Titanic数据分析(部分)

Titanic

文章来源:https://www.kaggle.com/ldfreeman3/a-data-science-framework-to-achieve-99-accuracy
Machine Learning的hello world

How a Data Scientist Beat the Odds克服困难

A Data Science Framework

  1. Define the Problem: 不要本末倒置,don’t put the cart before the horse. Problems before requirements, requirements before solutions, solutions before design, and design before technology
  2. Gather the Data: 收集数据
  3. Prepare Data for Consumption: 数据整理
  4. Perform Exploratory Analysis: 初步分析,garbage-in, garbage-out ,descriptive and graphical statistics
  5. Model Data: 选择正确的模型
  6. Validate and Implement Data Model: 确定模型是否正确拟合数据
  7. Optimize and Strategize:

对于 Titanic问题,以上步骤为:

  1. 定义问题:预测乘客是否存活

  2. 收集数据:已有

  3. 数据整理:

    1. import libraries

    2. Load Data Modelling Libraries

    3. Meet&Greet Data

      导入数据,info() and sample(),先粗看下数据

      1. more predictor variables do not make a better model, but the right variables,不是所有特征都是有用特征
      2. passengeId和ticket是无用特征
      3. pClass有序数字,代表社会阶层
      4. name列可以通过名推测性别,姓推测兄弟,头衔推测阶层
      5. 性别和职业,可以转为数字类型可以计算
      6. 年龄和票价是连续数字
      7. SibSp兄弟数量和Parch父母和孩子数量,可以用来特征工程生成家庭数量,也可做单独特征
      8. Cabin船舱,可以用来推测在船的未知,但是因为空值太多,舍弃这个特征
      # 深度复制一份源数据,只用来分析
      data1 = data_raw.copy(deep = True)
      
    4. 数据清洗的4C

      1. Correcting:检视数据,确定没有异常和不可接受值。比如age=800,改变原值一定要慎重
      2. Completing:缺失值,很多算法不允许缺失值,决策树可以有缺失值。两种处理方法–删除该条,或使用合理的数字填补。

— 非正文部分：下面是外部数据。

lemma sum_same_cluster_product:
  fixes f :: "nat \<Rightarrow> real"
  assumes fin: "finite V" and P: "partition_on V P"
  shows "(\<Sum>(u,v)\<in>V\<times>V. if same_cluster P u v then f u * f v else 0) = (\<Sum>C\<in>P. (\<Sum>u\<in>C. f u)\<^sup>2)"
proof -
  have U: "\<Union>P = V" and disj: "disjoint P" using P by (simp_all add: partition_on_def)
  have fin_P: "finite P" by (rule finite_UnionD) (simp add: U fin)
  have fin_C: "finite C" if "C \<in> P" for C
  proof (rule finite_subset[OF _ fin])
    show "C \<subseteq> V" using that U by blast
  qed
  have same_cluster_pairs: "{p \<in> V\<times>V. same_cluster P (fst p) (snd p)} = (\<Union>C\<in>P. C \<times> C)"
  proof (rule set_eqI)
    fix p :: "nat \<times> nat"
    obtain a b where p: "p = (a,b)" by (cases p)
    show "p \<in> {p \<in> V\<times>V. same_cluster P (fst p) (snd p)} \<longleftrightarrow> p \<in> (\<Union>C\<in>P. C \<times> C)"
      unfolding p same_cluster_def using U by auto
  qed
  have "(\<Sum>(u,v)\<in>V\<times>V. if same_cluster P u v then f u * f v else 0)
        = (\<Sum>p\<in>V\<times>V. if same_cluster P (fst p) (snd p) then f (fst p) * f (snd p) else 0)"
    by (intro sum.cong refl) (simp add: split_def)
  also have "\<dots> = (\<Sum>p\<in>{p \<in> V\<times>V. same_cluster P (fst p) (snd p)}. f (fst p) * f (snd p))"
    using fin by (intro sum.inter_filter[symmetric]) simp
  also have "\<dots> = (\<Sum>C\<in>P. \<Sum>p\<in>C\<times>C. f (fst p) * f (snd p))"
    unfolding same_cluster_pairs
  proof (rule sum.UNION_disjoint)
    show "\<forall>C\<in>P. \<forall>D\<in>P. C \<noteq> D \<longrightarrow> C \<times> C \<inter> D \<times> D = {}"
    proof (intro ballI impI)
      fix C D assume "C \<in> P" "D \<in> P" "C \<noteq> D"
      then have "C \<inter> D = {}" by (rule disjointD[OF disj])
      then show "C \<times> C \<inter> D \<times> D = {}" by blast
    qed
  qed (use fin_P fin_C in auto)
  also have "\<dots> = (\<Sum>C\<in>P. (\<Sum>u\<in>C. f u) * (\<Sum>u\<in>C. f u))"
    by (intro sum.cong refl) (simp only: sum_product sum.cartesian_product, simp add: case_prod_unfold)
  also have "\<dots> = (\<Sum>C\<in>P. (\<Sum>u\<in>C. f u)\<^sup>2)"
    by (simp add: power2_eq_square)
  finally show ?thesis .
qed

lemma same_cluster_commute: "same_cluster P u v = same_cluster P v u"
  by (auto simp: same_cluster_def)

lemma sum_pairs_same_cluster_product_ge:
  fixes f :: "nat \<Rightarrow> real"
  assumes fin: "finite V" and P: "partition_on V P"
  shows "2 * (\<Sum>(u,v)\<in>pairs V. if same_cluster P u v then f u * f v else 0) \<ge> - (\<Sum>u\<in>V. (f u)\<^sup>2)"
proof -
  have refl: "same_cluster P u u" if "u \<in> V" for u
    using P that by (auto simp: partition_on_def same_cluster_def)
  have "0 \<le> (\<Sum>C\<in>P. (\<Sum>u\<in>C. f u)\<^sup>2)" by (simp add: sum_nonneg)
  also have "\<dots> = (\<Sum>(u,v)\<in>V\<times>V. if same_cluster P u v then f u * f v else 0)"
    by (rule sum_same_cluster_product[OF fin P, symmetric])
  also have "\<dots> = (\<Sum>u\<in>V. (f u)\<^sup>2) + 2 * (\<Sum>(u,v)\<in>pairs V. if same_cluster P u v then f u * f v else 0)"
    by (subst sum_Times_self_eq_diagonal_plus_pairs[OF fin])
       (auto simp: same_cluster_commute mult.commute power2_eq_square refl intro!: sum.cong)
  finally show ?thesis by simp
qed

lemma cc_opt_greatest:
  assumes "\<And>P. partition_on V P \<Longrightarrow> c \<le> cc_cost V lp P"
  shows "c \<le> cc_opt V lp"
proof -
  have "\<exists>P. partition_on V P"
    using partition_on_singletons by blast
  then show ?thesis
    unfolding cc_opt_def using assms by (intro cInf_greatest) auto
qed

lemma lp_feasible_zero: "lp_feasible V (\<lambda>_ _. 0)"
  by (simp add: lp_feasible_def)

lemma lp_opt_greatest:
  assumes "\<And>x. lp_feasible V x \<Longrightarrow> c \<le> lp_obj V lp x"
  shows "c \<le> lp_opt V lp"
  unfolding lp_opt_def using assms lp_feasible_zero by (intro cInf_greatest) auto

lemma lp_obj_nonneg:
  assumes "valid_weights V lp" and "lp_feasible V x"
  shows "0 \<le> lp_obj V lp x"
  unfolding lp_obj_def
proof (rule sum_nonneg, clarify)
  fix u v assume "(u, v) \<in> pairs V"
  then have "0 \<le> lp u v" "lp u v \<le> 1" "0 \<le> x u v" "x u v \<le> 1"
    using assms by (auto simp: pairs_def valid_weights_def lp_feasible_def)
  then show "0 \<le> lp u v * x u v + (1 - lp u v) * (1 - x u v)" by simp
qed

lemma lp_opt_le_obj:
  assumes "valid_weights V lp" and "lp_feasible V x"
  shows "lp_opt V lp \<le> lp_obj V lp x"
  unfolding lp_opt_def
  using assms lp_obj_nonneg[OF assms(1)] by (intro cInf_lower bdd_belowI[of _ 0]) auto

definition half_sign :: "nat \<Rightarrow> nat \<Rightarrow> real" where
  "half_sign k u = (if u < k then 1 else -1)"

definition two_halves_weights :: "nat \<Rightarrow> nat \<Rightarrow> nat \<Rightarrow> real" where
  "two_halves_weights k u v = 1/2 - half_sign k u * half_sign k v / 6"

definition two_halves_lp_point :: "nat \<Rightarrow> nat \<Rightarrow> nat \<Rightarrow> real" where
  "two_halves_lp_point k u v = (if u = v then 0 else 3/4 + half_sign k u * half_sign k v / 4)"

lemma half_sign_square [simp]: "(half_sign k u)\<^sup>2 = 1"
  by (simp add: half_sign_def)

lemma sum_half_sign: "(\<Sum>u\<in>{0..<2*k}. half_sign k u) = 0"
proof -
  have "(\<Sum>u\<in>{0..<2*k}. half_sign k u) = (\<Sum>u\<in>{0..<k}. half_sign k u) + (\<Sum>u\<in>{k..<2*k}. half_sign k u)"
    by (rule sum.atLeastLessThan_concat[symmetric]) auto
  also have "\<dots> = (\<Sum>u\<in>{0..<k}. 1) + (\<Sum>u\<in>{k..<2*k}. -1)"
    by (intro arg_cong2[where f = "(+)"] sum.cong) (auto simp: half_sign_def)
  finally show ?thesis by simp
qed

lemma two_halves_pair_count: "real (card (pairs {0..<2*k})) = 2 * (real k)\<^sup>2 - real k"
  using card_pairs[of "{0..<2*k}"] by (simp add: power2_eq_square)

lemma two_halves_sign_products: "(\<Sum>(u,v)\<in>pairs {0..<2*k}. half_sign k u * half_sign k v) = - real k"
  using sum_pairs_product[of "{0..<2*k}" "half_sign k"] by (simp add: sum_half_sign)

lemma valid_weights_two_halves: "valid_weights V (two_halves_weights k)"
  unfolding valid_weights_def two_halves_weights_def half_sign_def by auto

lemma triangle_ineq_two_halves: "triangle_ineq V (two_halves_weights k)"
  unfolding triangle_ineq_def two_halves_weights_def half_sign_def by auto

lemma cc_cost_two_halves:
  "cc_cost {0..<2*k} (two_halves_weights k) P =
     real (card (pairs {0..<2*k})) / 2 - (\<Sum>(u,v)\<in>pairs {0..<2*k}. half_sign k u * half_sign k v) / 6
     + (\<Sum>(u,v)\<in>pairs {0..<2*k}. if same_cluster P u v then half_sign k u * half_sign k v else 0) / 3"
proof -
  have "cc_cost {0..<2*k} (two_halves_weights k) P = (\<Sum>(u,v)\<in>pairs {0..<2*k}.
      1/2 - half_sign k u * half_sign k v / 6 + (if same_cluster P u v then half_sign k u * half_sign k v else 0) / 3)"
    unfolding cc_cost_def by (rule sum.cong) (auto simp: two_halves_weights_def)
  then show ?thesis
    by (simp add: sum.distrib sum_subtractf sum_divide_distrib case_prod_unfold)
qed

lemma cc_opt_two_halves_ge: "cc_opt {0..<2*k} (two_halves_weights k) \<ge> (real k)\<^sup>2 - 2 * real k / 3"
proof (rule cc_opt_greatest)
  fix P assume "partition_on {0..<2*k} P"
  from sum_pairs_same_cluster_product_ge[OF _ this, of "half_sign k"]
  have "2 * (\<Sum>(u,v)\<in>pairs {0..<2*k}. if same_cluster P u v then half_sign k u * half_sign k v else 0)
          \<ge> - 2 * real k"
    by simp
  then show "(real k)\<^sup>2 - 2 * real k / 3 \<le> cc_cost {0..<2*k} (two_halves_weights k) P"
    unfolding cc_cost_two_halves two_halves_pair_count two_halves_sign_products
    by (simp add: field_simps)
qed

lemma lp_feasible_two_halves: "lp_feasible V (two_halves_lp_point k)"
proof -
  let ?x = "two_halves_lp_point k"
  have nonneg: "0 \<le> ?x u v" and le_1: "?x u v \<le> 1" for u v
    by (auto simp: two_halves_lp_point_def half_sign_def)
  have ge_half: "1/2 \<le> ?x u v" if "u \<noteq> v" for u v
    using that by (auto simp: two_halves_lp_point_def half_sign_def)
  have diag: "?x u u = 0" for u
    by (simp add: two_halves_lp_point_def)
  have sym: "?x u v = ?x v u" for u v
    by (simp add: two_halves_lp_point_def mult.commute)
  have triangle: "?x u w \<le> ?x u v + ?x v w" for u v w
  proof (cases "u = v \<or> v = w")
    case True
    then show ?thesis using diag nonneg by auto
  next
    case False
    then show ?thesis using ge_half[of u v] ge_half[of v w] le_1[of u w] by auto
  qed
  show ?thesis
    unfolding lp_feasible_def using nonneg le_1 diag sym triangle by blast
qed

lemma lp_obj_two_halves_point:
  "lp_obj {0..<2*k} (two_halves_weights k) (two_halves_lp_point k) = (5 * (real k)\<^sup>2 - 2 * real k) / 6"
proof -
  have "lp_obj {0..<2*k} (two_halves_weights k) (two_halves_lp_point k)
      = (\<Sum>(u,v)\<in>pairs {0..<2*k}. 5/12 - half_sign k u * half_sign k v / 12)"
    unfolding lp_obj_def
    by (rule sum.cong) (auto simp: pairs_def two_halves_weights_def two_halves_lp_point_def half_sign_def)
  also have "\<dots> = 5/12 * real (card (pairs {0..<2*k}))
      - (\<Sum>(u,v)\<in>pairs {0..<2*k}. half_sign k u * half_sign k v) / 12"
    by (simp add: sum_subtractf sum_divide_distrib case_prod_unfold)
  finally show ?thesis
    unfolding two_halves_pair_count two_halves_sign_products by (simp add: field_simps)
qed

text \<open>Every term of the LP objective is at least \<open>min \<lambda>\<^sup>+ \<lambda>\<^sup>- = 1/3\<close>.\<close>

lemma lp_opt_two_halves_ge: "lp_opt {0..<2*k} (two_halves_weights k) \<ge> (2 * (real k)\<^sup>2 - real k) / 3"
proof (rule lp_opt_greatest)
  fix x assume x: "lp_feasible {0..<2*k} x"
  have "(2 * (real k)\<^sup>2 - real k) / 3 = (\<Sum>(u,v)\<in>pairs {0..<2*k}. 1/3)"
    by (simp add: two_halves_pair_count)
  also have "\<dots> \<le> lp_obj {0..<2*k} (two_halves_weights k) x"
    unfolding lp_obj_def
  proof (rule sum_mono, clarify)
    fix u v assume "(u, v) \<in> pairs {0..<2*k}"
    then have "0 \<le> x u v" "x u v \<le> 1" using x by (auto simp: pairs_def lp_feasible_def)
    then show "1/3 \<le> two_halves_weights k u v * x u v + (1 - two_halves_weights k u v) * (1 - x u v)"
      by (auto simp: two_halves_weights_def half_sign_def field_simps)
  qed
  finally show "(2 * (real k)\<^sup>2 - real k) / 3 \<le> lp_obj {0..<2*k} (two_halves_weights k) x" .
qed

除非缺失很多,不建议删除;一般采用mean, median, or mean + randomized standard deviation(随机标准差),
      3. Creating:使用既有特征,生成新特征; 这里增加title特征
      4. Converting:格式化
      # train中每一列缺失值的数量
      train.isnull().sum()
      # train数据的描述,最大最小标准差等
      train.describe(include = 'all')
      
      #清洗
      	#complete missing age with median
          dataset['Age'].fillna(dataset['Age'].median(), inplace = True)
          #complete embarked with mode
          dataset['Embarked'].fillna(dataset['Embarked'].mode()[0], inplace = True)
          #complete missing fare with median
          dataset['Fare'].fillna(dataset['Fare'].median(), inplace = True)
          # 舍弃3列
          drop_column = ['PassengerId','Cabin', 'Ticket']
      	data1.drop(drop_column, axis=1, inplace = True)
      #特征工程
      	#Discrete variables
          dataset['FamilySize'] = dataset ['SibSp'] + dataset['Parch'] + 1
      
          dataset['IsAlone'] = 1 #initialize to yes/1 is alone
          dataset['IsAlone'].loc[dataset['FamilySize'] > 1] = 0 # now update to no/0 if family size is greater than 1
          #quick and dirty code split title from name: http://www.pythonforbeginners.com/dictionary/python-split
          dataset['Title'] = dataset['Name'].str.split(", ", expand=True)[1].str.split(".", expand=True)[0]
          
          #Continuous variable bins; qcut vs cut: https://stackoverflow.com/questions/30211923/what-is-the-difference-between-pandas-qcut-and-pandas-cut
          #Fare Bins/Buckets using qcut or frequency bins: https://pandas.pydata.org/pandas-docs/stable/generated/pandas.qcut.html
          dataset['FareBin'] = pd.qcut(dataset['Fare'], 4)
          #Age Bins/Buckets using cut or value bins: https://pandas.pydata.org/pandas-docs/stable/generated/pandas.cut.html
          dataset['AgeBin'] = pd.cut(dataset['Age'].astype(int), 5)
          
      #code categorical data
      	from sklearn.preprocessing import OneHotEncoder, LabelEncoder
      	label = LabelEncoder()
      	dataset['Sex_Code'] = label.fit_transform(dataset['Sex'])
          dataset['Embarked_Code'] = label.fit_transform(dataset['Embarked'])
          dataset['Title_Code'] = label.fit_transform(dataset['Title'])
          dataset['AgeBin_Code'] = label.fit_transform(dataset['AgeBin'])
          dataset['FareBin_Code'] = label.fit_transform(dataset['FareBin'])
      
    5. 分开训练集和测试集 (sklearn’s train_test_split function., 7.5-2.5)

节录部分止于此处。